Люстрация же конкретна: это запрещение кагебятам и мафии занимать государственные и вообще властные должности. Тогда начнет рваться волчья паутина, которой опутана бедная Московия.
Кстати, оглядываясь на 1991, год самоликвидации совка, – ни тогда, ни после не видно, в какой момент могла бы начаться люстрация, то есть отлучение кагебе от власти над страной. Его просто не было, так что ничего не «упустили». Да и не возникло такой политической силы, чтобы вывести Московию на путь нормальной жизни.

Случай в магазине



С А... в книжном магазине, в отделе восточных религий и самоусовершенствования, выбирая (набирая) книги о Тао и Чжуан-цзы, понизив голос, разговаривали по-русски. В отделе присутствовал еще господин, копавшийся в книгах об индуизме, что напротив таоизма (тут как бы намек на географическое расположение стран), – сухощавый старик с бесстрастным лицом, одетый – если сказать одним словом – незаметно. Поношенный, но чистый костюм. На нас ни разу он не взглянул. В кармане у него заиграл телефон, и он ответил по-русски, громко, без акцента:
– Да, встречаемся вечером, да, в индийском ресторане, да, места зарезервированы.
И после разговора, коим он выдал, что понимает язык, он ни разу на нас не взглянул и остался равнодушен к моим косым и даже прямым взглядам. Не ощущалось никакого внимания к нам с его стороны.
После таоизма мы смотрели уже просто книги, а потом А... заинтересовали сопутствующие товары, а именно, мёд.

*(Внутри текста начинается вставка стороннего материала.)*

(* Let $n\ge 2$, $1\le r\le n-1$, and let $p(q)=q^n+a_rq^r+a_{r-1}q^{r-1}+\dots+a_1q+a_0$ with $a_0,\dots,a_r\in\mathbb{H}$ and $a_r\neq 0$. Put $\lambda=\big(\max_{0\le j\le r}|a_j|\big)^{1/n}$. Then every zero $q\in\mathbb{H}$ of $p$ satisfies $$|q|\le \lambda+\lambda^2+\dots+\lambda^{r+1}.$$
   Context: $\mathbb{H}$ denotes the real quaternions with the Euclidean norm $|q|=\sqrt{q\bar q}$. The polynomial $p$ (whose coefficients of $q^{r+1},\dots,q^{n-1}$ vanish) has coefficients written to the left of the powers and is evaluated at $q\in\mathbb{H}$ by direct substitution, $p(q)=q^n+a_rq^r+\dots+a_1q+a_0$; a zero of $p$ is a $q\in\mathbb{H}$ with $p(q)=0$. *)

theory Defs
  imports Complex_Main
begin

text \<open>The real quaternions H, represented by their four real coordinates
  q = Re + Im1 i + Im2 j + Im3 k, with the Hamilton product (i^2 = j^2 = k^2 = ijk = -1).\<close>

datatype quat = Quat (qRe: real) (qIm1: real) (qIm2: real) (qIm3: real)

definition qzero :: quat where "qzero = Quat 0 0 0 0"
definition qone :: quat where "qone = Quat 1 0 0 0"

definition qadd :: "quat \<Rightarrow> quat \<Rightarrow> quat" where
  "qadd p q = Quat (qRe p + qRe q) (qIm1 p + qIm1 q) (qIm2 p + qIm2 q) (qIm3 p + qIm3 q)"

definition qmult :: "quat \<Rightarrow> quat \<Rightarrow> quat" where
  "qmult p q = Quat
     (qRe p * qRe q - qIm1 p * qIm1 q - qIm2 p * qIm2 q - qIm3 p * qIm3 q)
     (qRe p * qIm1 q + qIm1 p * qRe q + qIm2 p * qIm3 q - qIm3 p * qIm2 q)
     (qRe p * qIm2 q - qIm1 p * qIm3 q + qIm2 p * qRe q + qIm3 p * qIm1 q)
     (qRe p * qIm3 q + qIm1 p * qIm2 q - qIm2 p * qIm1 q + qIm3 p * qRe q)"

definition qnorm :: "quat \<Rightarrow> real" where
  "qnorm q = sqrt ((qRe q)\<^sup>2 + (qIm1 q)\<^sup>2 + (qIm2 q)\<^sup>2 + (qIm3 q)\<^sup>2)"

primrec qpow :: "quat \<Rightarrow> nat \<Rightarrow> quat" where
  "qpow q 0 = qone"
| "qpow q (Suc m) = qmult q (qpow q m)"

definition qpoly_eval :: "nat \<Rightarrow> nat \<Rightarrow> (nat \<Rightarrow> quat) \<Rightarrow> quat \<Rightarrow> quat" where
  "qpoly_eval n r a q = qadd (qpow q n) (foldr (\<lambda>j acc. qadd (qmult (a j) (qpow q j)) acc) [0..<Suc r] qzero)"

end

theory Submission
  imports Defs "HOL-Analysis.Analysis"
begin

text \<open>If \<open>q\<close> is a zero, multiplicativity and subadditivity of the norm give
  \<open>|q|^n = |\<Sum>j\<le>r. a\<^sub>j q^j| \<le> \<lambda>^n \<Sum>j\<le>r. |q|^j\<close>. Write \<open>|q| = \<lambda> t\<close> and
  \<open>T = 1 + \<lambda> + \<dots> + \<lambda>^r\<close>. If \<open>t > T\<close>, then \<open>t > 1\<close> and
  \<open>\<Sum>j\<le>r. \<lambda>^j t^j \<le> T t^r < t^(r+1) \<le> t^n\<close>, which after multiplication by \<open>\<lambda>^n\<close>
  contradicts the first inequality. Hence \<open>|q| \<le> \<lambda> T = \<lambda> + \<dots> + \<lambda>^(r+1)\<close>.\<close>

definition quat_vec :: "quat \<Rightarrow> (real \<times> real) \<times> (real \<times> real)" where
  "quat_vec p = ((qRe p, qIm1 p), (qIm2 p, qIm3 p))"

lemma qnorm_eq_norm_quat_vec: "qnorm p = norm (quat_vec p)"
  unfolding qnorm_def quat_vec_def norm_Pair by (simp add: add.assoc)

lemma qnorm_nonneg: "qnorm p \<ge> 0"
  by (simp add: qnorm_def)

lemma qnorm_pos: "p \<noteq> qzero \<Longrightarrow> qnorm p > 0"
  by (cases p) (auto simp: qnorm_eq_norm_quat_vec quat_vec_def qzero_def zero_prod_def)

lemma qnorm_qadd_le: "qnorm (qadd p q) \<le> qnorm p + qnorm q"
proof -
  have "quat_vec (qadd p q) = quat_vec p + quat_vec q"
    by (simp add: quat_vec_def qadd_def)
  then show ?thesis
    by (simp add: qnorm_eq_norm_quat_vec norm_triangle_ineq)
qed

lemma qnorm_eq_if_qadd_eq_qzero: "qadd p q = qzero \<Longrightarrow> qnorm p = qnorm q"
  by (cases p; cases q) (simp add: qadd_def qzero_def qnorm_def add_eq_0_iff)

lemma qnorm_qmult: "qnorm (qmult p q) = qnorm p * qnorm q"
proof -
  have "(qRe (qmult p q))\<^sup>2 + (qIm1 (qmult p q))\<^sup>2 + (qIm2 (qmult p q))\<^sup>2 + (qIm3 (qmult p q))\<^sup>2
      = ((qRe p)\<^sup>2 + (qIm1 p)\<^sup>2 + (qIm2 p)\<^sup>2 + (qIm3 p)\<^sup>2)
        * ((qRe q)\<^sup>2 + (qIm1 q)\<^sup>2 + (qIm2 q)\<^sup>2 + (qIm3 q)\<^sup>2)"
    unfolding qmult_def by simp algebra
  then show ?thesis
    unfolding qnorm_def by (simp add: real_sqrt_mult)
qed

lemma qnorm_qpow: "qnorm (qpow q n) = qnorm q ^ n"
proof (induction n)
  case 0
  then show ?case by (simp add: qnorm_def qone_def)
next
  case (Suc n)
  then show ?case by (simp add: qnorm_qmult)
qed

lemma qnorm_foldr_qpoly_le:
  "qnorm (foldr (\<lambda>j acc. qadd (qmult (a j) (qpow q j)) acc) js qzero)
     \<le> (\<Sum>j\<leftarrow>js. qnorm (a j) * qnorm q ^ j)"
proof (induction js)
  case Nil
  then show ?case by (simp add: qnorm_def qzero_def)
next
  case (Cons j js)
  then show ?case
    by (auto intro!: order_trans[OF qnorm_qadd_le] simp: qnorm_qmult qnorm_qpow)
qed

lemma qnorm_pow_le_if_qpoly_eval_eq_qzero:
  assumes "qpoly_eval n r a q = qzero"
  shows "qnorm q ^ n \<le> (\<Sum>j=0..r. qnorm (a j) * qnorm q ^ j)"
proof -
  have "qnorm q ^ n = qnorm (foldr (\<lambda>j acc. qadd (qmult (a j) (qpow q j)) acc) [0..<Suc r] qzero)"
    using qnorm_eq_if_qadd_eq_qzero[OF assms[unfolded qpoly_eval_def]]
    by (simp add: qnorm_qpow)
  also have "\<dots> \<le> (\<Sum>j\<leftarrow>[0..<Suc r]. qnorm (a j) * qnorm q ^ j)"
    by (rule qnorm_foldr_qpoly_le)
  also have "\<dots> = (\<Sum>j=0..r. qnorm (a j) * qnorm q ^ j)"
    by (simp only: sum_set_upt_conv_sum_list_nat[symmetric] set_upt atLeastLessThanSuc_atLeastAtMost)
  finally show ?thesis .
qed

lemma sum_power_shift: "(\<Sum>k=1..r+1. l ^ k) = l * (\<Sum>j=0..r. l ^ j)" for l :: "'a :: comm_semiring_1"
  by (simp add: sum_distrib_left sum.shift_bounds_cl_Suc_ivl del: sum.cl_ivl_Suc)

lemma one_le_sum_power: "(l :: real) \<ge> 0 \<Longrightarrow> 1 \<le> (\<Sum>j=0..r. l ^ j)"
  by (induction r) (simp_all add: add_increasing2)

lemma root_bound_of_power_le_sum_powers:
  fixes x l :: real
  assumes "x \<ge> 0" and "l > 0" and "r + 1 \<le> n"
    and bound: "x ^ n \<le> l ^ n * (\<Sum>j=0..r. x ^ j)"
  shows "x \<le> (\<Sum>k=1..r+1. l ^ k)"
proof (rule ccontr)
  define T where "T = (\<Sum>j=0..r. l ^ j)"
  define t where "t = x / l"
  have x_eq: "x = l * t"
    using \<open>l > 0\<close> by (simp add: t_def)
  assume "\<not> ?thesis"
  then have "l * T < l * t"
    by (simp only: T_def x_eq sum_power_shift not_le)
  then have "t > T"
    using \<open>l > 0\<close> by simp
  moreover have "T \<ge> 1"
    unfolding T_def using \<open>l > 0\<close> by (simp add: one_le_sum_power)
  ultimately have "t > 1" by simp
  have "(\<Sum>j=0..r. l ^ j * t ^ j) \<le> (\<Sum>j=0..r. l ^ j * t ^ r)"
    using \<open>l > 0\<close> \<open>t > 1\<close> by (auto intro!: sum_mono mult_left_mono power_increasing)
  also have "\<dots> = T * t ^ r"
    by (simp add: T_def sum_distrib_right)
  also have "\<dots> < t ^ (r + 1)"
    using \<open>t > T\<close> \<open>t > 1\<close> by simp
  also have "\<dots> \<le> t ^ n"
    using \<open>t > 1\<close> \<open>r + 1 \<le> n\<close> by (intro power_increasing) auto
  finally have "l ^ n * (\<Sum>j=0..r. l ^ j * t ^ j) < l ^ n * t ^ n"
    using \<open>l > 0\<close> by simp
  then show False
    using bound by (simp add: x_eq power_mult_distrib)
qed

theorem theorem3:
  fixes n r :: nat and a :: "nat \<Rightarrow> quat" and q :: quat
  assumes "n \<ge> 2" and "1 \<le> r" and "r \<le> n - 1"
    and "a r \<noteq> qzero"
    and "qpoly_eval n r a q = qzero"
  shows "qnorm q \<le> (\<Sum>k=1..r+1. (root n (Max ((\<lambda>j. qnorm (a j)) ` {0..r}))) ^ k)"
proof -
  define M where "M = Max ((\<lambda>j. qnorm (a j)) ` {0..r})"
  have coeff_le: "qnorm (a j) \<le> M" if "j \<in> {0..r}" for j
    unfolding M_def using that by (intro Max_ge) auto
  have "M > 0"
    using coeff_le[of r] qnorm_pos[OF \<open>a r \<noteq> qzero\<close>] by simp
  then have root_pow: "root n M ^ n = M" and "root n M > 0"
    using \<open>n \<ge> 2\<close> by (simp_all add: real_root_pow_pos2)
  have "qnorm q ^ n \<le> (\<Sum>j=0..r. qnorm (a j) * qnorm q ^ j)"
    using \<open>qpoly_eval n r a q = qzero\<close> by (rule qnorm_pow_le_if_qpoly_eval_eq_qzero)
  also have "\<dots> \<le> root n M ^ n * (\<Sum>j=0..r. qnorm q ^ j)"
    unfolding root_pow sum_distrib_left
    using coeff_le by (auto intro!: sum_mono mult_right_mono simp: qnorm_nonneg)
  finally have "qnorm q ^ n \<le> root n M ^ n * (\<Sum>j=0..r. qnorm q ^ j)" .
  from root_bound_of_power_le_sum_powers[OF qnorm_nonneg \<open>root n M > 0\<close> _ this]
  show ?thesis
    using \<open>r \<le> n - 1\<close> \<open>n \<ge> 2\<close> unfolding M_def by simp
qed

end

Он выбрал тминный, сославшись на рекомендацию Мотеня предпочитать его всем остальным медам, а заодно рассказав о своем первом впечатлении от этого автора, называя его «озарением».
Старик был уж у кассы, ожидая, и ответил на какой-то вопрос кассира, не переспрашивая.
– Возможно, он достиг добродетели бесстрастия, – предположил я.
– Мы не видели его за ужином, – возразил А.
– Даже если он и гурман – хотя желтоватый цвет лица говорит, что ему, вероятно, противопоказаны жирные и пряные блюда, – он, конечно, не обжора и, несомненно, воздержан в напитках.
И сейчас, делая эту запись (между прочим, на чистых страницах в конце «Афоризмом и притч» Чжуана-цзы), чувствую сопротивление портретируемого старика; он ускользает.